_GIVEN DATA:_
(* Let $\Omega\subset\mathbb{R}^n$ be a domain, $\mathcal{S}$ any basis of shapes in $\Omega$, $1\le p<\infty$, and $f$ a real-valued function in $\mathrm{BMO}^p_{\mathcal{S}}(\Omega)$. Then for all $k>0$, $T(f,k)\in\mathrm{BMO}^p_{\mathcal{S}}(\Omega)$ and $\|T(f,k)\|_{\mathrm{BMO}^p_{\mathcal{S}}}\le c\|f\|_{\mathrm{BMO}^p_{\mathcal{S}}}$, where $c=1$ if $p=1$ or $p=2$, and $c=\min\big(2,\big(\frac{1+c_{|\cdot|}(p,\mathcal{S})}{2}\big)^2\big)$ otherwise. Moreover, for $p=1$ or $p=2$, $\|T(f,k)\|_{\mathrm{BMO}^p_{\mathcal{S}}}\to\|f\|_{\mathrm{BMO}^p_{\mathcal{S}}}$ as $k\to\infty$.
   Context: A domain is an open connected set. A shape is an open set with $0<|S|<\infty$; a basis of shapes in $\Omega$ is a collection of shapes contained in $\Omega$ covering $\Omega$. For $f\in L^1(S)$, $f_S=\frac1{|S|}\int_Sf$. $\mathrm{BMO}^p_{\mathcal{S}}(\Omega)$ is the space of $f$ with $f\in L^1(S)$ for all $S\in\mathcal{S}$ and $\|f\|_{\mathrm{BMO}^p_{\mathcal{S}}}:=\sup_{S\in\mathcal{S}}\big(\frac1{|S|}\int_S|f-f_S|^p\big)^{1/p}<\infty$. $c_{|\cdot|}(p,\mathcal{S})$ denotes the smallest constant $c$ such that $\||f|\|_{\mathrm{BMO}^p_{\mathcal{S}}}\le c\|f\|_{\mathrm{BMO}^p_{\mathcal{S}}}$ for all real-valued $f\in\mathrm{BMO}^p_{\mathcal{S}}(\Omega)$ (known to satisfy $1\le c_{|\cdot|}(p,\mathcal{S})\le2$). The truncation at level $k$ is $T(f,k)(x)=k$ if $f(x)>k$, $=f(x)$ if $-k\le f(x)\le k$, $=-k$ if $f(x)<-k$. *)

theory Defs
  imports "HOL-Analysis.Analysis"
begin

definition domain :: "'a::euclidean_space set \<Rightarrow> bool" where
  "domain \<Omega> \<longleftrightarrow> open \<Omega> \<and> connected \<Omega> \<and> \<Omega> \<noteq> {}"

definition shape :: "'a::euclidean_space set \<Rightarrow> bool" where
  "shape S \<longleftrightarrow> open S \<and> 0 < emeasure lebesgue S \<and> emeasure lebesgue S < \<infinity>"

_TASK DETAILS:_ Each line that includes the string "longleftrightarrow" should be copied from the data.

_ANSWER BOX:_
  "domain \<Omega> \<longleftrightarrow> open \<Omega> \<and> connected \<Omega> \<and> \<Omega> \<noteq> {}"
  "shape S \<longleftrightarrow> open S \<and> 0 < emeasure lebesgue S \<and> emeasure lebesgue S < \<infinity>"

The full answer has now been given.